Can America’s “Re-Industrialization” Succeed?

Not long ago, I went to the United States to visit a number of U.S. manufacturing companies. In the current American “re-industrialization” strategy, can the “re-equipment” of U.S. manufacturing enterprises play a role in any major restructuring of the U.S. economy? I believe that the United States’ “re-industrialization” strategy is not creating new manufacturing channels and still relies on the short-term advantages of traditional industries to expand their exports. Therefore, the effect on the future will be greatly reduced. The United States will adopt more protectionist measures to safeguard their current “re-industrialization” strategy. Chinese companies must recognize the substance of this current round of “re-industrialization” before investing in the United States.

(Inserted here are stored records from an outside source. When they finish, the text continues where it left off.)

lemma private_neighbour_unplaceable:
  assumes part: "is_partition G l P" and "0 < l" and S: "is_stable G S"
    and v: "v \<in> P 0 \<inter> S" "\<forall>y\<in>P 0. \<not> adj G v y" and t: "t \<in> P 0"
    and cliques: "\<And>k. 1 \<le> k \<Longrightarrow> k < l \<Longrightarrow> is_clique G (P k)"
    and meets: "\<And>k. 1 \<le> k \<Longrightarrow> k < l \<Longrightarrow> P k \<inter> S \<noteq> {}"
    and u: "u \<in> verts G" "adj G v u" "\<forall>r\<in>S. adj G u r \<longrightarrow> r = v \<or> r = t"
  shows False
proof -
  obtain k where k: "k < l" "u \<in> P k"
    using part u(1) unfolding is_partition_def by blast
  have "k \<noteq> 0"
  proof
    assume "k = 0"
    then show False
      using v(2) u(2) k(2) by blast
  qed
  then have "P k \<inter> S \<noteq> {}"
    using meets k(1) by simp
  then obtain r where r: "r \<in> P k \<inter> S"
    by blast
  have "u \<notin> S"
    using S v(1) u(2) unfolding is_stable_def by blast
  then have "adj G u r"
    using cliques[of k] \<open>k \<noteq> 0\<close> k r unfolding is_clique_def by auto
  then have "r \<in> P 0"
    using u(3) r t v(1) by auto
  then show False
    using part \<open>k \<noteq> 0\<close> k(1) \<open>0 < l\<close> r unfolding is_partition_def by blast
qed

lemma no_costar_clique_partition:
  assumes "0 < l" and S: "is_stable G S" "finite S" "card S = l + 1"
    and separated: "\<And>s t. s \<in> S \<Longrightarrow> t \<in> S \<Longrightarrow> s \<noteq> t \<Longrightarrow>
      \<exists>u\<in>verts G. adj G s u \<and> (\<forall>r\<in>S. adj G u r \<longrightarrow> r = s \<or> r = t)"
  shows "\<not> (\<exists>P. is_partition G l P \<and>
    (is_clique G (P 0) \<or> (\<exists>m. graph_iso (induced G (P 0)) (complement (star m)))) \<and>
    (\<forall>i. 1 \<le> i \<and> i < l \<longrightarrow> is_clique G (P i)))"
proof
  assume "\<exists>P. is_partition G l P \<and>
    (is_clique G (P 0) \<or> (\<exists>m. graph_iso (induced G (P 0)) (complement (star m)))) \<and>
    (\<forall>i. 1 \<le> i \<and> i < l \<longrightarrow> is_clique G (P i))"
  then obtain P where part: "is_partition G l P"
    and P0: "is_clique G (P 0) \<or> (\<exists>m. graph_iso (induced G (P 0)) (complement (star m)))"
    and cliques: "\<And>i. 1 \<le> i \<Longrightarrow> i < l \<Longrightarrow> is_clique G (P i)"
    by blast
  note tight = partition_meets_stable_tightly[OF part \<open>0 < l\<close> S _ cliques]
  from P0 show False
  proof
    assume "is_clique G (P 0)"
    then have "card (P 0 \<inter> S) \<le> 1"
      using card_clique_inter_stable S(1,2) by blast
    then show False
      using tight[of 0] \<open>0 < l\<close> by simp
  next
    assume "\<exists>m. graph_iso (induced G (P 0)) (complement (star m))"
    then obtain v where v: "v \<in> P 0" and isolated: "\<forall>y\<in>P 0. \<not> adj G v y"
      and "card (P 0 \<inter> S) \<le> 2" and v_S: "v \<notin> S \<Longrightarrow> card (P 0 \<inter> S) \<le> 1"
      using costar_meets_stable partition_part_subset[OF part \<open>0 < l\<close>] S(1,2) by metis
    then have two: "card (P 0 \<inter> S) = 2" and meets: "\<And>k. 1 \<le> k \<Longrightarrow> k < l \<Longrightarrow> P k \<inter> S \<noteq> {}"
      using tight \<open>0 < l\<close> by fastforce+
    then have "v \<in> S"
      using v_S by linarith
    have "card (P 0 \<inter> S - {v}) = 1"
      using two \<open>v \<in> S\<close> v by simp
    then obtain t where t: "t \<in> P 0 \<inter> S" "t \<noteq> v"
      by (metis Diff_iff card_1_singletonE insertI1)
    then obtain u where "u \<in> verts G" "adj G v u" "\<forall>r\<in>S. adj G u r \<longrightarrow> r = v \<or> r = t"
      using separated \<open>v \<in> S\<close> by blast
    then show False
      using private_neighbour_unplaceable[OF part \<open>0 < l\<close> S(1) _ isolated _ cliques meets]
        v \<open>v \<in> S\<close> t(1) by blast
  qed
qed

It should be noted that since November 2009, President Barack Obama has emphasized the “re-industrialization” strategy to get rid of dependence on the financial services industry and revitalize the manufacturing industry. He hopes to restore the U.S. economy and reverse the deficit and trade deficit problems. There obviously have to be changes in both the domestic and international U.S. markets. For the domestic market, the U.S. must cut taxes, increase liquidity and stimulate the supply and demand dynamic. For the international market, they must promote U.S. products and price competitiveness and improve the balance sheets of U.S. companies and institutions. During Hu Jintao’s trip to the U.S., he and his team realized that through the Sino-U.S. trade cooperation agreement the U.S. government is promoting their idea of “re-industrialization.”

According to my understanding, the U.S. government is promoting this “re-industrialization” strategy not only to heat up their multinationals’ business in emerging markets, but also to achieve a transformation of domestic enterprises and attract more Americans into manufacturing jobs. This “re-industrialization” cannot do without government support. Besides the U.S. auto industry, most of the other manufacturing sectors have lost their former glory. The recovery of these industries will not happen quickly. During the crisis period, three major U.S. auto companies were not able to adequately finance the cost of developing green energy vehicles and now the local government is trying to attract Chinese investment in private capital to the area.

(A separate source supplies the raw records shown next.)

lemma catalan_Suc: "catalan (Suc n) = (\<Sum>m\<le>n. catalan m * catalan (n - m))"
proof -
  \<comment> \<open>The u k are the Taylor coefficients of sqrt(1 - 4x), whose square 1 - 4x has no terms
    of degree N \<ge> 2; by Vandermonde's identity this is 1/2 + 1/2 = 1.\<close>
  define u :: "nat \<Rightarrow> real" where "u k = ((1/2) gchoose k) * (-4) ^ k" for k
  define N where "N = Suc (Suc n)"
  have "(\<Sum>k\<le>N. u k * u (N - k)) = (\<Sum>k\<le>N. ((1/2) gchoose k) * ((1/2) gchoose (N - k))) * (-4) ^ N"
    unfolding sum_distrib_right
    by (intro sum.cong refl) (simp add: u_def power_add[symmetric])
  also have "\<dots> = (1 gchoose N) * (-4) ^ N"
    using gbinomial_Vandermonde[of "1/2 :: real" "1/2" N] by (simp add: atMost_atLeast0)
  also have "\<dots> = 0"
    using binomial_gbinomial[of 1 N] by (simp add: N_def)
  finally have "(\<Sum>k\<le>N. u k * u (N - k)) = 0" .
  moreover have "(\<Sum>k\<le>N. u k * u (N - k)) = 2 * u N + (\<Sum>m\<le>n. u (Suc m) * u (Suc (n - m)))"
  proof -
    have "(\<Sum>k\<le>Suc n. u (Suc k) * u (Suc n - k)) = (\<Sum>m\<le>n. u (Suc m) * u (Suc (n - m))) + u N * u 0"
      by (simp add: N_def Suc_diff_le)
    then show ?thesis
      by (simp add: N_def sum.atMost_Suc_shift u_def del: sum.atMost_Suc)
  qed
  moreover have "u (Suc m) = - 2 * real (catalan m)" for m
    using gbinomial_half_Suc by (simp only: u_def)
  ultimately have "4 * (\<Sum>m\<le>n. real (catalan m * catalan (n - m))) = 4 * real (catalan (Suc n))"
    by (simp add: N_def sum_distrib_left)
  then have "real (\<Sum>m\<le>n. catalan m * catalan (n - m)) = real (catalan (Suc n))"
    by (simp only: of_nat_sum mult_cancel_left) simp
  then show ?thesis
    by (simp only: of_nat_eq_iff)
qed

lemma subseq_map_rightE:
  assumes "subseq xs (map f ys)"
  obtains zs where "xs = map f zs" and "subseq zs ys"
  using assms by (metis nths_map subseq_conv_nths)

lemma subseq_set_subset: "subseq xs ys \<Longrightarrow> set xs \<subseteq> set ys"
  by (metis subseq_conv_nths set_nths_subset)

Therefore, at present, the United States’ “re-industrialization” will not have any drastic effects in the short-term. The United States will still have to rely on traditional industries to expand exports. The U.S. government, in U.S.-China bilateral trade and investment talks, has demanded that China open up more markets and import more U.S. industrial products. This is just as Japan previously requested American domestic markets be opened to their automobiles. Chinese companies entering the U.S. market must understand the essence of “re-industrialization.” They must simultaneously recognize the advanced manufacturing and green energy industry, the timing of entering the U.S. market, long term strategy and the cost of investment. Chinese enterprises should note that the generation of new manufacturing and large scale green energy industries have still not occurred and will not for a number of years. Therefore, those Chinese enterprises that prematurely enter into the U.S. market will likely become martyrs.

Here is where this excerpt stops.